First, an analysis of what occurs pre- and post-separation can lead to significant reductions in acetonitrile use. For RP column equilibration, for example, most modern columns can be equilibrated using only 10 column volumes. Methods should also be evaluated to minimize run times after final peak elution, possibly using more needle wash capabilities prior to the next injection. Finally, for optimal solvent conservation, solvent recycling technologies that collect acetonitrile are an option as long as the components of the mobile phase remain separate.
Method changes that can reduce acetonitrile usage can be grouped into those that may and those that may not affect specificity/robustness. One of the most common changes that reduces the amount of mobile phase appreciably without significantly affecting specificity/robustness is to reduce the column’s internal diameter (ID). For example, a 2.1 mm ID column consumes nearly five-fold less mobile phase than the more commonly used 4.6 mm column; this represents an 80% reduction in acetonitrile usage.
This approach, however, requires instrument parameter adjustments in the method (i.e., flow rate) as well as to the analytical system (i.e., smaller diameter tubing, connectors, and microflow detector cells) to achieve the separation and pressure criteria required by the method. When gradient programs are required, the dwell volume should also be scaled down using smaller-volume mixing chambers.

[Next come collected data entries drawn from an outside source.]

lemma arcs_within_comp_arcs:
  assumes "arcs_within n S" "arcs_within m T" "1 \<le> i" "i \<le> n" "1 \<le> m"
  shows "arcs_within (n + m - 1) (comp_arcs S i m T)"
  unfolding arcs_within_def
proof (intro ballI, clarify)
  fix x y assume "(x, y) \<in> comp_arcs S i m T"
  then show "1 \<le> x \<and> x < y \<and> y \<le> n + m - 1 + 1"
    by (cases rule: comp_arcs_E) (use assms in \<open>auto simp: lift_def dest: arcs_withinD\<close>)
qed

lemma comp_arcs_unit_left:
  assumes "(1, m + 1) \<in> T"
  shows "comp_arcs {(1, 2)} 1 m T = T"
  using assms by (auto simp: comp_arcs_def)

lemma comp_arcs_unit_right: "comp_arcs S i 1 {(1, 2)} = S"
proof -
  have "(\<lambda>(a, b). (lift i 1 a, lift i 1 b)) = id" by (auto simp: lift_def)
  then show ?thesis by (auto simp: comp_arcs_def)
qed

definition blue_bnc :: "nat \<Rightarrow> (nat \<times> nat) set \<Rightarrow> bnc" where
  "blue_bnc n B = \<lparr>bsize = n, blue = B, red = {}\<rparr>"

lemma bnc_comp_blue_bnc:
  "(1, m + 1) \<in> T \<Longrightarrow>
    bnc_comp (blue_bnc n S) i (blue_bnc m T) = blue_bnc (n + m - 1) (comp_arcs S i m T)"
  unfolding bnc_comp_def blue_bnc_def comp_arcs_def lift_def Let_def by (simp cong: if_cong)

section \<open>Arc sets of trees\<close>

lemma arity_pos [simp]: "0 < arity t"
  by (induction t) auto

lemma arity_ge_1: "1 \<le> arity t"
  by (simp add: Suc_le_eq)

lemma arity_graft: "1 \<le> i \<Longrightarrow> i \<le> arity s \<Longrightarrow> arity (graft s i t) = arity s + arity t - 1"
  by (induction s arbitrary: i) (use arity_ge_1 in auto)

fun gen_arcs :: "gen \<Rightarrow> (nat \<times> nat) set" where
  "gen_arcs GA = {(1, 2), (1, 3), (2, 3)}"
| "gen_arcs GR = {(1, 3)}"

lemma gen_bnc_eq_blue_bnc: "gen_bnc g = blue_bnc 2 (gen_arcs g)"
  by (cases g) (simp_all add: blue_bnc_def T_bbb_def T_ubu_def)

fun tree_arcs :: "ftree \<Rightarrow> (nat \<times> nat) set" where
  "tree_arcs Leaf = {(1, 2)}"
| "tree_arcs (Node g l r) =
     comp_arcs (comp_arcs (gen_arcs g) 2 (arity r) (tree_arcs r)) 1 (arity l) (tree_arcs l)"

lemma arcs_within_gen_arcs: "arcs_within 2 (gen_arcs g)"
  by (cases g) (auto simp: arcs_within_def)

lemma arcs_within_tree_arcs: "arcs_within (arity t) (tree_arcs t)"
proof (induction t)
  case Leaf then show ?case by (simp add: arcs_within_def)
next
  case (Node g l r)
  have "arcs_within (2 + arity r - 1) (comp_arcs (gen_arcs g) 2 (arity r) (tree_arcs r))"
    by (rule arcs_within_comp_arcs[OF arcs_within_gen_arcs Node.IH(2)]) (simp_all add: Suc_le_eq)
  from arcs_within_comp_arcs[OF this Node.IH(1)] show ?case
    using arity_ge_1[of l] arity_ge_1[of r] by (simp add: add.commute)
qed

lemma tree_arcs_base: "(1, arity t + 1) \<in> tree_arcs t"
proof (cases t)
  case (Node g l r)
  have "(1, 3) \<in> gen_arcs g" by (cases g) auto
  then have "(lift 2 (arity r) 1, lift 2 (arity r) 3)
         \<in> comp_arcs (gen_arcs g) 2 (arity r) (tree_arcs r)"
    by (rule comp_arcs_I_outer) simp
  then have "(1, arity r + 2) \<in> comp_arcs (gen_arcs g) 2 (arity r) (tree_arcs r)"
    by (simp add: lift_def)
  then have "(lift 1 (arity l) 1, lift 1 (arity l) (arity r + 2)) \<in> tree_arcs t"
    unfolding Node tree_arcs.simps by (rule comp_arcs_I_outer) simp
  then show ?thesis using Node by (simp add: lift_def add.commute)
qed simp

lemma feval_eq_blue_bnc: "feval t = blue_bnc (arity t) (tree_arcs t)"
proof (induction t)
  case Leaf then show ?case by (simp add: bnc_unit_def blue_bnc_def)
next
  case (Node g l r)
  have "feval (Node g l r) = bnc_comp (bnc_comp (blue_bnc 2 (gen_arcs g)) 2
      (blue_bnc (arity r) (tree_arcs r))) 1 (blue_bnc (arity l) (tree_arcs l))"
    using Node.IH by (simp add: gen_bnc_eq_blue_bnc)
  also have "\<dots> = blue_bnc (2 + arity r - 1 + arity l - 1) (tree_arcs (Node g l r))"
    by (simp only: bnc_comp_blue_bnc tree_arcs_base tree_arcs.simps)
  finally show ?case by (simp add: add.commute)
qed

lemma tree_arcs_graft:
  "1 \<le> i \<Longrightarrow> i \<le> arity s \<Longrightarrow>
    tree_arcs (graft s i t) = comp_arcs (tree_arcs s) i (arity t) (tree_arcs t)"
proof (induction s arbitrary: i)
  case Leaf
  then show ?case using comp_arcs_unit_left[OF tree_arcs_base] by simp
next
  case (Node g l r)
  define X where "X = comp_arcs (gen_arcs g) 2 (arity r) (tree_arcs r)"
  have m: "1 \<le> arity t" by (rule arity_ge_1)
  show ?case
  proof (cases "i \<le> arity l")
    case True
    have "tree_arcs (graft (Node g l r) i t) = tree_arcs (Node g (graft l i t) r)"
      using True by simp
    also have "\<dots> = comp_arcs X 1 (arity l + arity t - 1)
          (comp_arcs (tree_arcs l) i (arity t) (tree_arcs t))"
      using True Node.prems by (simp only: tree_arcs.simps X_def arity_graft Node.IH(1))
    also have "\<dots> = comp_arcs (comp_arcs X 1 (arity l) (tree_arcs l)) i (arity t) (tree_arcs t)"
      using comp_arcs_assoc_seq[of 1 i "arity l" "arity t" "tree_arcs l" "tree_arcs t" X]
        True Node.prems m arcs_within_tree_arcs by simp
    finally show ?thesis by (simp only: tree_arcs.simps X_def)
  next
    case False
    define j where "j = i - arity l"
    have j: "1 \<le> j" "j \<le> arity r" "i = j + 1 + arity l - 1"
      using False Node.prems by (auto simp: j_def)
    have "tree_arcs (graft (Node g l r) i t) = tree_arcs (Node g l (graft r j t))"
      using False by (simp add: j_def)
    also have "\<dots> = comp_arcs (comp_arcs (gen_arcs g) 2 (arity r + arity t - 1)
              (comp_arcs (tree_arcs r) j (arity t) (tree_arcs t))) 1 (arity l) (tree_arcs l)"
      using j by (simp only: tree_arcs.simps arity_graft Node.IH(2))
    also have "\<dots> = comp_arcs (comp_arcs X (j + 1) (arity t) (tree_arcs t))
          1 (arity l) (tree_arcs l)"
      using comp_arcs_assoc_seq[of 2 j "arity r" "arity t" "tree_arcs r" "tree_arcs t" "gen_arcs g"]
        j m arcs_within_tree_arcs by (simp add: X_def add.commute)
    also have "\<dots> = comp_arcs (comp_arcs X 1 (arity l) (tree_arcs l)) i (arity t) (tree_arcs t)"
      using comp_arcs_assoc_par[of 1 "j + 1" "arity l" "arity t" "tree_arcs l" "tree_arcs t" X]
        j m arity_ge_1 arcs_within_tree_arcs by simp
    finally show ?thesis by (simp only: tree_arcs.simps X_def)
  qed
qed

lemma feval_graft:
  "1 \<le> i \<Longrightarrow> i \<le> arity s \<Longrightarrow> feval (graft s i t) = bnc_comp (feval s) i (feval t)"
  by (simp only: feval_eq_blue_bnc bnc_comp_blue_bnc[OF tree_arcs_base] tree_arcs_graft arity_graft)

lemma tree_arcs_Node_E:
  assumes "(x, y) \<in> tree_arcs (Node g l r)"
  obtains (base) "x = 1" "y = arity l + arity r + 1"
  | (left) "(x, y) \<in> tree_arcs l" "(x, y) \<noteq> (1, arity l + 1)"
      "1 \<le> x" "x < y" "y \<le> arity l + 1"
  | (right) a b where "(a, b) \<in> tree_arcs r" "(a, b) \<noteq> (1, arity r + 1)"
      "x = a + arity l" "y = b + arity l" "1 \<le> a" "a < b" "b \<le> arity r + 1"
  | (GA_left) "g = GA" "x = 1" "y = arity l + 1"
  | (GA_right) "g = GA" "x = arity l + 1" "y = arity l + arity r + 1"
proof -
  have L: "arcs_within (arity l) (tree_arcs l)" and R: "arcs_within (arity r) (tree_arcs r)"
    by (rule arcs_within_tree_arcs)+
  from assms have
    "(x, y) \<in> comp_arcs (comp_arcs (gen_arcs g) 2 (arity r) (tree_arcs r)) 1 (arity l) (tree_arcs l)"
    by simp
  then show thesis
  proof (cases rule: comp_arcs_E)
    case (outer c d)
    note cd = this
    from cd(1) show thesis
    proof (cases rule: comp_arcs_E)
      case (outer e f)
      then have "(e, f) = (1, 3)" using cd(2) by (cases g) (auto simp: lift_def)
      then show thesis using base outer cd by (simp add: lift_def add.commute)
    next
      case (inner e f)
      then show thesis using right[OF inner(1,2)] cd arcs_withinD[OF R inner(1)]
        by (auto simp: lift_def add.commute)
    next
      case new
      then have "g = GA" by (cases g) auto
      then show thesis using GA_right new cd by (simp add: lift_def add.commute)
    qed
  next
    case (inner c d)
    then show thesis using left arcs_withinD[OF L inner(1)] by simp
  next
    case new
    from new(1) show thesis
    proof (cases rule: comp_arcs_E)
      case (outer e f)
      then have "g = GA" using arity_pos[of r] by (cases g) (auto simp: lift_def)
      then show thesis using GA_left new by simp
    next
      case (inner e f)
      then show thesis using arcs_withinD[OF R inner(1)] by simp
    qed simp
  qed
qed

lemma tree_arcs_Node_I_left:
  "(a, b) \<in> tree_arcs l \<Longrightarrow> (a, b) \<noteq> (1, arity l + 1) \<Longrightarrow> (a, b) \<in> tree_arcs (Node g l r)"
  using comp_arcs_I_inner[of a b "tree_arcs l" "arity l" 1] by simp

lemma tree_arcs_Node_I_right:
  assumes "(a, b) \<in> tree_arcs r" "(a, b) \<noteq> (1, arity r + 1)"
  shows "(a + arity l, b + arity l) \<in> tree_arcs (Node g l r)"
proof -
  have ab: "1 \<le> a" "a < b" using arcs_withinD[OF arcs_within_tree_arcs assms(1)] by auto
  have "(a + 2 - 1, b + 2 - 1) \<in> comp_arcs (gen_arcs g) 2 (arity r) (tree_arcs r)"
    using assms by (rule comp_arcs_I_inner)
  then have "(lift 1 (arity l) (a + 1), lift 1 (arity l) (b + 1)) \<in> tree_arcs (Node g l r)"
    using ab by (simp, intro comp_arcs_I_outer) simp_all
  then show ?thesis using ab by (simp add: lift_def)
qed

Alternate HPLC Applications
Although lowering the column ID is the easiest approach, it does present limitations. An alternative is ultra HPLC (UHPLC). UHPLC involves smaller particle sizes and smaller columns. The UHPLC approach minimizes solvent usage while optimizing peak separation ability. Combining UHPLC with new column technologies means that HPLC separations are far more efficient. Separations that were not possible in the past are now achievable—with less solvent use.
In addition to UHPLC, technological advances in HPLC packing materials, such as fused-core particle technologies, have been specially developed for hyper fast chromatographic separations and universal detection. While UV detection is the most widely used HPLC application, it has significant limitations because molecular structure dictates the absorbance of UV light. By using universal detector technologies such as evaporative light scattering detectors and chemiluminescent nitrogen detectors, scientists can measure the electrical charge associated with analyte particles. The charge is in direct proportion to the amount of the analyte in the sample and remains consistent regardless of the compound. The result is that universal detection can “see” any non-volatile analyte, including those without chromophores, thus reducing dependence on highly polarized solvents like acetonitrile and offering a wider range of usable solvents.
The pharmaceutical industry is under pressure to find cost-effective solutions for the acetonitrile shortage. Aligning with a reputable and knowledgeable contract laboratory can enhance your ability to select the best strategy to meet their unique product goals and testing timeline. With appropriate guidance, a successful acetonitrile reduction or replacement program can become a competitive advantage. Moreover, reducing acetonitrile use is consistent with a broader move towards green industry practices by significantly reducing waste and inefficiency. In short, the global acetonitrile challenge is an opportunity for optimization and innovation.